## [Data extract]
(* Let $\Omega$ be a region of $\mathbb{C}$ and let $F:\Omega\to\mathbb{M}_n$ be analytic. The following statements are equivalent: (1) $F(z)$ is constant on $\Omega$; (2) for every $k=1,\ldots,n$, $s_k(F(z))$ is constant on $\Omega$; (3) for every $k=1,\ldots,n$, $s_k(F(z))$ attains its maximum value over $\Omega$ at some point $z_k\in\Omega$; (4) $\|F(z)\|_{\mathcal{F}}$ is constant on $\Omega$; (5) $\|F(z)\|_{\mathcal{F}}$ attains its maximum value over $\Omega$ at some point $z_0\in\Omega$.
   Context: A region is a nonempty open connected subset of $\mathbb{C}$. $\mathbb{M}_n$ is the set of $n\times n$ complex matrices; $F$ is analytic if each entry is analytic. For $A\in\mathbb{M}_n$, the singular values $s_1(A)\geq\cdots\geq s_n(A)$ are the nonnegative square roots of the eigenvalues of $A^*A$ in nonincreasing order. $\|T\|_{\mathcal{F}}=(\operatorname{trace}(T^*T))^{1/2}$ is the Frobenius (Hilbert--Schmidt) norm. *)

theory Defs
  imports "HOL-Analysis.Complex_Analysis_Basics" "Jordan_Normal_Form.Schur_Decomposition"
begin

text \<open>Used only for the Hermitian positive semidefinite matrix A^* A, whose eigenvalues are real.\<close>
definition eigenvalues_desc :: "complex mat \<Rightarrow> real list" where
  "eigenvalues_desc A = rev (sorted_list_of_multiset (image_mset Re (proots (char_poly A))))"

definition singular_value :: "complex mat \<Rightarrow> nat \<Rightarrow> real" where
  "singular_value A k = sqrt (eigenvalues_desc (mat_adjoint A * A) ! (k - 1))"

definition mat_trace :: "complex mat \<Rightarrow> complex" where
  "mat_trace A = (\<Sum>i<dim_row A. A $$ (i, i))"

definition frobenius_norm :: "complex mat \<Rightarrow> real" where
  "frobenius_norm T = sqrt (Re (mat_trace (mat_adjoint T * T)))"

end

theory Submission
  imports Defs "HOL-Complex_Analysis.Conformal_Mappings"
begin

(* The squared Frobenius norm of F(z) is the sum of the squared moduli of its
  entries f_ij(z). If it is maximal at z0, then g = sum of conj (f_ij z0) * f_ij has
  Re g <= (|F z|^2 + |F z0|^2) / 2 <= Re (g z0), so by the maximum modulus principle (for exp g)
  Re g is constant, which forces sum |f_ij z - f_ij z0|^2 = 0, i.e. F is constant.
  For singular values use Ky Fan's principle: s_1^2 + ... + s_k^2 of A is the maximum of
  |A V|_F^2 over n x k isometries V, attained at eigenvectors of A^* A (spectral theorem).
  If this sum is maximal at z0 with maximiser V, the Frobenius argument applied to F(z) V
  shows that F(z) V is constant, hence the sum is constant. Inducting on k, maxima of the
  s_k make all these sums constant, in particular |F(z)|_F^2 = s_1^2 + ... + s_n^2. *)

section \<open>Adjoints and isometries\<close>

lemma index_mult_mat_sum:
  assumes "A \<in> carrier_mat n m" "B \<in> carrier_mat m p" "i < n" "j < p"
  shows "(A * B) $$ (i, j) = (\<Sum>l<m. A $$ (i, l) * B $$ (l, j))"
  using assms by (auto simp: scalar_prod_def lessThan_atLeast0 intro: sum.cong)

lemma mat_adjoint_dim [simp]:
  "dim_row (mat_adjoint A) = dim_col A" "dim_col (mat_adjoint A) = dim_row A"
  by (auto simp: mat_adjoint_def)

lemma index_mat_adjoint [simp]:
  "i < dim_col A \<Longrightarrow> j < dim_row A \<Longrightarrow> mat_adjoint A $$ (i, j) = conjugate (A $$ (j, i))"
  by (auto simp: mat_adjoint_def mat_of_rows_index)

lemma mat_adjoint_carrier [simp]: "mat_adjoint A \<in> carrier_mat m n \<longleftrightarrow> A \<in> carrier_mat n m"
  unfolding carrier_mat_def by auto

lemma mat_adjoint_adjoint [simp]: "mat_adjoint (mat_adjoint A) = A"
  by (rule eq_matI) auto

lemma mat_adjoint_mult:
  fixes A :: "'a :: conjugatable_field mat"
  assumes A: "A \<in> carrier_mat n m" and B: "B \<in> carrier_mat m p"
  shows "mat_adjoint (A * B) = mat_adjoint B * mat_adjoint A"
proof (rule eq_matI)
  fix i j assume "i < dim_row (mat_adjoint B * mat_adjoint A)" "j < dim_col (mat_adjoint B * mat_adjoint A)"
  then have i: "i < p" and j: "j < n" using assms by auto
  have "mat_adjoint (A * B) $$ (i, j) = conjugate (\<Sum>l<m. A $$ (j, l) * B $$ (l, i))"
    using assms i j by (simp add: index_mult_mat_sum[OF A B j i])
  also have "\<dots> = (\<Sum>l<m. conjugate (B $$ (l, i)) * conjugate (A $$ (j, l)))"
    by (simp add: sum_conjugate conjugate_dist_mul mult.commute)
  also have "\<dots> = (mat_adjoint B * mat_adjoint A) $$ (i, j)"
    using assms i j by (subst index_mult_mat_sum[of _ p m _ n]) auto
  finally show "mat_adjoint (A * B) $$ (i, j) = (mat_adjoint B * mat_adjoint A) $$ (i, j)" .
qed (use assms in auto)

lemma conjugate_one [simp]: "conjugate (1 :: 'a :: conjugatable_field) = 1"
  by (metis conjugate_dist_mul conjugate_id mult_1_left mult_1_right)

definition isometry_mat :: "nat \<Rightarrow> nat \<Rightarrow> 'a :: conjugatable_field mat \<Rightarrow> bool" where
  "isometry_mat n k V \<longleftrightarrow> V \<in> carrier_mat n k \<and> mat_adjoint V * V = 1\<^sub>m k"

lemma isometry_matD:
  assumes "isometry_mat n k V"
  shows "V \<in> carrier_mat n k" "mat_adjoint V * V = 1\<^sub>m k"
  using assms unfolding isometry_mat_def by auto

lemma unitary_mult_adjoint:
  assumes "isometry_mat n n U"
  shows "U * mat_adjoint U = 1\<^sub>m n"
  using isometry_matD[OF assms] mat_mult_left_right_inverse[of "mat_adjoint U" n U] by auto

lemma isometry_mat_adjoint:
  assumes "isometry_mat n n U"
  shows "isometry_mat n n (mat_adjoint U)"
  using isometry_matD[OF assms] unitary_mult_adjoint[OF assms] unfolding isometry_mat_def by auto

lemma isometry_mat_mult:
  assumes W: "isometry_mat n m W" and V: "isometry_mat m k V"
  shows "isometry_mat n k (W * V)"
proof -
  note Wc = isometry_matD(1)[OF W] and Vc = isometry_matD(1)[OF V]
  have "mat_adjoint (W * V) * (W * V) = mat_adjoint V * (mat_adjoint W * W) * V"
    using Wc Vc by (simp add: mat_adjoint_mult assoc_mult_mat[of _ k m _ n _ k]
        assoc_mult_mat[of _ k m _ m _ k] assoc_mult_mat[of _ k m _ n _ m])
  also have "\<dots> = 1\<^sub>m k" using isometry_matD[OF W] isometry_matD[OF V] by simp
  finally show ?thesis using Wc Vc unfolding isometry_mat_def by simp
qed

lemma unitary_similar_mat:
  assumes "isometry_mat n n W" "H \<in> carrier_mat n n"
  shows "similar_mat (mat_adjoint W * H * W) H"
  using assms isometry_matD[OF assms(1)] unitary_mult_adjoint[OF assms(1)]
  by (intro similar_matI[of _ _ "mat_adjoint W" W n]) auto

lemma cnj_mult_self_cmod: "cnj z * z = complex_of_real ((cmod z)\<^sup>2)"
  by (metis complex_norm_square mult.commute of_real_power)

lemma cscalar_prod_smult:
  fixes v w :: "complex vec"
  assumes "v \<in> carrier_vec n" "w \<in> carrier_vec n"
  shows "(a \<cdot>\<^sub>v v) \<bullet>c (b \<cdot>\<^sub>v w) = a * cnj b * (v \<bullet>c w)"
  using assms by (simp add: conjugate_smult_vec mult.assoc)

lemma cscalar_prod_self_real_pos:
  fixes v :: "complex vec"
  assumes "v \<in> carrier_vec n" "v \<noteq> 0\<^sub>v n"
  shows "v \<bullet>c v = complex_of_real (Re (v \<bullet>c v))" "Re (v \<bullet>c v) > 0"
  using conjugate_square_greater_0_vec[OF assms(1)] assms(2)
  by (auto simp: less_complex_def complex_eq_iff)

lemma isometry_mat_of_cols:
  fixes ws :: "complex vec list"
  assumes ws: "set ws \<subseteq> carrier_vec n" "length ws = k"
    and orthonormal: "\<And>i j. i < k \<Longrightarrow> j < k \<Longrightarrow> ws ! j \<bullet>c ws ! i = (if i = j then 1 else 0)"
  shows "isometry_mat n k (mat_of_cols n ws)"
  unfolding isometry_mat_def
proof (intro conjI eq_matI)
  fix i j assume "i < dim_row (1\<^sub>m k :: complex mat)" "j < dim_col (1\<^sub>m k :: complex mat)"
  then have i: "i < k" and j: "j < k" by auto
  then have "ws ! i \<in> carrier_vec n" "ws ! j \<in> carrier_vec n" using ws by auto
  then have "(mat_adjoint (mat_of_cols n ws) * mat_of_cols n ws) $$ (i, j) = conjugate (ws ! i) \<bullet> ws ! j"
    using ws i j by (simp add: mat_adjoint_def)
  also have "\<dots> = ws ! j \<bullet>c ws ! i"
    using ws i j by (subst conjugate_vec_sprod_comm[of _ n]) auto
  finally show "(mat_adjoint (mat_of_cols n ws) * mat_of_cols n ws) $$ (i, j) = 1\<^sub>m k $$ (i, j)"
    using orthonormal[OF i j] i j by simp
qed (use ws in auto)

## [Work instructions]
Among the entries above, locate the lines containing "B) = mat_adjoint" and "using isometry_matD[OF assms] mat_mult_left_right_inverse[of", and transcribe exactly those two lines and all lines between.

## [Expected answer]
  shows "mat_adjoint (A * B) = mat_adjoint B * mat_adjoint A"
proof (rule eq_matI)
  fix i j assume "i < dim_row (mat_adjoint B * mat_adjoint A)" "j < dim_col (mat_adjoint B * mat_adjoint A)"
  then have i: "i < p" and j: "j < n" using assms by auto
  have "mat_adjoint (A * B) $$ (i, j) = conjugate (\<Sum>l<m. A $$ (j, l) * B $$ (l, i))"
    using assms i j by (simp add: index_mult_mat_sum[OF A B j i])
  also have "\<dots> = (\<Sum>l<m. conjugate (B $$ (l, i)) * conjugate (A $$ (j, l)))"
    by (simp add: sum_conjugate conjugate_dist_mul mult.commute)
  also have "\<dots> = (mat_adjoint B * mat_adjoint A) $$ (i, j)"
    using assms i j by (subst index_mult_mat_sum[of _ p m _ n]) auto
  finally show "mat_adjoint (A * B) $$ (i, j) = (mat_adjoint B * mat_adjoint A) $$ (i, j)" .
qed (use assms in auto)

lemma conjugate_one [simp]: "conjugate (1 :: 'a :: conjugatable_field) = 1"
  by (metis conjugate_dist_mul conjugate_id mult_1_left mult_1_right)

definition isometry_mat :: "nat \<Rightarrow> nat \<Rightarrow> 'a :: conjugatable_field mat \<Rightarrow> bool" where
  "isometry_mat n k V \<longleftrightarrow> V \<in> carrier_mat n k \<and> mat_adjoint V * V = 1\<^sub>m k"

lemma isometry_matD:
  assumes "isometry_mat n k V"
  shows "V \<in> carrier_mat n k" "mat_adjoint V * V = 1\<^sub>m k"
  using assms unfolding isometry_mat_def by auto

lemma unitary_mult_adjoint:
  assumes "isometry_mat n n U"
  shows "U * mat_adjoint U = 1\<^sub>m n"
  using isometry_matD[OF assms] mat_mult_left_right_inverse[of "mat_adjoint U" n U] by auto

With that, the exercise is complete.